(TASK DESCRIPTION):
Set down the lines below exactly as they stand, please. Go from the first through the one containing "u \<le> length (lcp (f b)".

::: PROVIDED INFORMATION :::

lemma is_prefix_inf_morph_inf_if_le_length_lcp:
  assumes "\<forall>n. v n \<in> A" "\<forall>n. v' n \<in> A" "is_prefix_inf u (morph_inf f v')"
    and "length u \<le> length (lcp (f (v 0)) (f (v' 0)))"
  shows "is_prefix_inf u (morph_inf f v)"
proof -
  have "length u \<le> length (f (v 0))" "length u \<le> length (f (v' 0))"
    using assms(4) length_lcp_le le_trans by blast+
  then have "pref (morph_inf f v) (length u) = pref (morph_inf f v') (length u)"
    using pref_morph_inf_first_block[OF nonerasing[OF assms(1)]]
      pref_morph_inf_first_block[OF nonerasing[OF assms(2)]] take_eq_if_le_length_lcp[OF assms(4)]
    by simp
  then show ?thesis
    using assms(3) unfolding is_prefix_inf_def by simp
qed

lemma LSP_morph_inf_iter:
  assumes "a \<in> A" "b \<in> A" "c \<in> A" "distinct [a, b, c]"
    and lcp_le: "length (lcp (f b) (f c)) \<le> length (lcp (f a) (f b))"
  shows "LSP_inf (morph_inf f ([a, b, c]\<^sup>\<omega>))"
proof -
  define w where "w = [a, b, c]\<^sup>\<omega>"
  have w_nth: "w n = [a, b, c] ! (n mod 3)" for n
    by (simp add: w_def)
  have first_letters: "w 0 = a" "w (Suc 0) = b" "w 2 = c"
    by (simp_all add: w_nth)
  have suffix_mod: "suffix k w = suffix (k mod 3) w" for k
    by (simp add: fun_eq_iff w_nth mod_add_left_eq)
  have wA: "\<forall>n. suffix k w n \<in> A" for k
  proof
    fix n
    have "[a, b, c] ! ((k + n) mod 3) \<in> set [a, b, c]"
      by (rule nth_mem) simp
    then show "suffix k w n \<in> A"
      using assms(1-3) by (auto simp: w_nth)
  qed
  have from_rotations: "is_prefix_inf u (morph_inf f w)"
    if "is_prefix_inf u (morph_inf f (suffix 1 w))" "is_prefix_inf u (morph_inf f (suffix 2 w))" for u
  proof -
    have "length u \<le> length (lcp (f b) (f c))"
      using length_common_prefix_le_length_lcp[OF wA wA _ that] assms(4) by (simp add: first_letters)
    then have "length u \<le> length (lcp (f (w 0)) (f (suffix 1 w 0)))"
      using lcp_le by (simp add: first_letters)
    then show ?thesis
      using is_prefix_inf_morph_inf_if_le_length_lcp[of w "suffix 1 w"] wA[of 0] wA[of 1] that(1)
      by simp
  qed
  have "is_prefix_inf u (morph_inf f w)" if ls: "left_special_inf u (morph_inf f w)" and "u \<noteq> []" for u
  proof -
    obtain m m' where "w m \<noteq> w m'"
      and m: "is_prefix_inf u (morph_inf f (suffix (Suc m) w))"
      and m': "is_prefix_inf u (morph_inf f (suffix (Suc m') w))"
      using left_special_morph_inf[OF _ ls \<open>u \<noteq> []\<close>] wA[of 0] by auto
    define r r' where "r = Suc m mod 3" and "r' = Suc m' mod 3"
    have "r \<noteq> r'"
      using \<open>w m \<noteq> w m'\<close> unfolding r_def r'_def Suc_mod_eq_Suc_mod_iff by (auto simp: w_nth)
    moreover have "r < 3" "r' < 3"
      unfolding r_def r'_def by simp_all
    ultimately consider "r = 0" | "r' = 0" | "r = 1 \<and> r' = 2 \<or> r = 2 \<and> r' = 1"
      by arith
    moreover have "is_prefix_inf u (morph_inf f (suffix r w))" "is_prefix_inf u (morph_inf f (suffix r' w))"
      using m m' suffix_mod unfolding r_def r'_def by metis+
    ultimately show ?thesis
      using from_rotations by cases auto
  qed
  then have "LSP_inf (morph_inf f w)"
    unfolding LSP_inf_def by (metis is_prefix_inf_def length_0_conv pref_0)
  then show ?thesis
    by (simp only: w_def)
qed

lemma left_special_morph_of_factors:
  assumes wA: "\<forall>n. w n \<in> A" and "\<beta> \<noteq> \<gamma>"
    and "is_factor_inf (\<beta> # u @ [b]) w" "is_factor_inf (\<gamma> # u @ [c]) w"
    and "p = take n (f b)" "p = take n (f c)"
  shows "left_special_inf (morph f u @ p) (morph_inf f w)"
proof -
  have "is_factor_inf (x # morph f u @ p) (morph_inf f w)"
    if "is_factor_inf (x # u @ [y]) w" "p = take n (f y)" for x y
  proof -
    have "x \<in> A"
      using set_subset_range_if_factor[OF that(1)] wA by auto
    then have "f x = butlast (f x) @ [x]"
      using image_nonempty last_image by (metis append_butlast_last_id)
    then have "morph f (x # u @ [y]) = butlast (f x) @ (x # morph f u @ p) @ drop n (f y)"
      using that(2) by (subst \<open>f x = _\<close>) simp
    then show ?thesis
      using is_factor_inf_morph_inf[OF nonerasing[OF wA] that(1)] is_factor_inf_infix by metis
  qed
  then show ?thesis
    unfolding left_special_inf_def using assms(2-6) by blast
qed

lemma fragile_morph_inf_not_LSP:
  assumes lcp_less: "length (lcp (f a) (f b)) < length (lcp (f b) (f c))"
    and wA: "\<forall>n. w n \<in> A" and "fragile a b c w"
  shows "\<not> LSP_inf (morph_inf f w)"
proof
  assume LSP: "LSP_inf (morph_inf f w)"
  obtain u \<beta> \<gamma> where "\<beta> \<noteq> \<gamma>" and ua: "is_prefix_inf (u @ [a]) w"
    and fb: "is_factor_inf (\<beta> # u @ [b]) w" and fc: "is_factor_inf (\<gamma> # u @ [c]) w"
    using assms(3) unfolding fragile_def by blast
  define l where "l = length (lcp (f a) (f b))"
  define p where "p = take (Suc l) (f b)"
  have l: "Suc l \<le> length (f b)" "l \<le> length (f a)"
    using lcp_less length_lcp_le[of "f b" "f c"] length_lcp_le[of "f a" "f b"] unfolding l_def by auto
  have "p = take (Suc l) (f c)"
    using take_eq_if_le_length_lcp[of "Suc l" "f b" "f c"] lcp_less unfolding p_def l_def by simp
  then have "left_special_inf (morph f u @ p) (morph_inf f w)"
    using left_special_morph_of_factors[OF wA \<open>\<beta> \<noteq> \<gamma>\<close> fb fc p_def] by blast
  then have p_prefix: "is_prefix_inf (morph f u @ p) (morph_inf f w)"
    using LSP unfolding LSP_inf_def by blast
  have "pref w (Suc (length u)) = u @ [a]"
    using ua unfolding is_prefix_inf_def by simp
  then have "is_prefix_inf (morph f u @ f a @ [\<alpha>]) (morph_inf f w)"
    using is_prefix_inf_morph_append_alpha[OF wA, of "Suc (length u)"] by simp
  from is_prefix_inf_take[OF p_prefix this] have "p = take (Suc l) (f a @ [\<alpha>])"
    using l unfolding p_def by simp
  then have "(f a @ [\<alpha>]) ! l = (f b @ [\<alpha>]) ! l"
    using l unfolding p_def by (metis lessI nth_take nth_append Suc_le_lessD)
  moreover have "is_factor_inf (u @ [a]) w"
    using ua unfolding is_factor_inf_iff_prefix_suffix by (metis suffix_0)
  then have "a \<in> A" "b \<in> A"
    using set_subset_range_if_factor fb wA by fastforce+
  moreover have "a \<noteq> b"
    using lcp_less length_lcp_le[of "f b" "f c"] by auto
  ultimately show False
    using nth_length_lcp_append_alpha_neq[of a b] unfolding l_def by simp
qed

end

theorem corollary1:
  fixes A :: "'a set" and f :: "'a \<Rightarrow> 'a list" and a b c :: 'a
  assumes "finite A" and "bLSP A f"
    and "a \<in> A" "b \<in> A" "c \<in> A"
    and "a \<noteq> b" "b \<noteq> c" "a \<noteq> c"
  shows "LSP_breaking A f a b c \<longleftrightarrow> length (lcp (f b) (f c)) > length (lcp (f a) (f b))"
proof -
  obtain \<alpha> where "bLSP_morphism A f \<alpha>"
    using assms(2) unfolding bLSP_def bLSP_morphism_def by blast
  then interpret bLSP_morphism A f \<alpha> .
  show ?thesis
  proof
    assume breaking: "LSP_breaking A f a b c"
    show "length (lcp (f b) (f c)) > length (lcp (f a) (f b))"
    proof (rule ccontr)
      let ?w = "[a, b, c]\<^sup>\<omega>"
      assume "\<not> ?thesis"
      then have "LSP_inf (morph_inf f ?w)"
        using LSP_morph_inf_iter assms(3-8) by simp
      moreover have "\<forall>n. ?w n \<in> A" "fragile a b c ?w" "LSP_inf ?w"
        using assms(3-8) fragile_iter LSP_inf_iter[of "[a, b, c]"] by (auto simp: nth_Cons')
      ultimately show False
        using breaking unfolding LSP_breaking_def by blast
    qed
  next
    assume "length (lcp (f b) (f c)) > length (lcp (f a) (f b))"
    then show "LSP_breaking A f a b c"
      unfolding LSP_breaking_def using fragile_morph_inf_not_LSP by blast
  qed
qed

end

:::

(FINISHED EXERCISE):
lemma is_prefix_inf_morph_inf_if_le_length_lcp:
  assumes "\<forall>n. v n \<in> A" "\<forall>n. v' n \<in> A" "is_prefix_inf u (morph_inf f v')"
    and "length u \<le> length (lcp (f (v 0)) (f (v' 0)))"
  shows "is_prefix_inf u (morph_inf f v)"
proof -
  have "length u \<le> length (f (v 0))" "length u \<le> length (f (v' 0))"
    using assms(4) length_lcp_le le_trans by blast+
  then have "pref (morph_inf f v) (length u) = pref (morph_inf f v') (length u)"
    using pref_morph_inf_first_block[OF nonerasing[OF assms(1)]]
      pref_morph_inf_first_block[OF nonerasing[OF assms(2)]] take_eq_if_le_length_lcp[OF assms(4)]
    by simp
  then show ?thesis
    using assms(3) unfolding is_prefix_inf_def by simp
qed

lemma LSP_morph_inf_iter:
  assumes "a \<in> A" "b \<in> A" "c \<in> A" "distinct [a, b, c]"
    and lcp_le: "length (lcp (f b) (f c)) \<le> length (lcp (f a) (f b))"
  shows "LSP_inf (morph_inf f ([a, b, c]\<^sup>\<omega>))"
proof -
  define w where "w = [a, b, c]\<^sup>\<omega>"
  have w_nth: "w n = [a, b, c] ! (n mod 3)" for n
    by (simp add: w_def)
  have first_letters: "w 0 = a" "w (Suc 0) = b" "w 2 = c"
    by (simp_all add: w_nth)
  have suffix_mod: "suffix k w = suffix (k mod 3) w" for k
    by (simp add: fun_eq_iff w_nth mod_add_left_eq)
  have wA: "\<forall>n. suffix k w n \<in> A" for k
  proof
    fix n
    have "[a, b, c] ! ((k + n) mod 3) \<in> set [a, b, c]"
      by (rule nth_mem) simp
    then show "suffix k w n \<in> A"
      using assms(1-3) by (auto simp: w_nth)
  qed
  have from_rotations: "is_prefix_inf u (morph_inf f w)"
    if "is_prefix_inf u (morph_inf f (suffix 1 w))" "is_prefix_inf u (morph_inf f (suffix 2 w))" for u
  proof -
    have "length u \<le> length (lcp (f b) (f c))"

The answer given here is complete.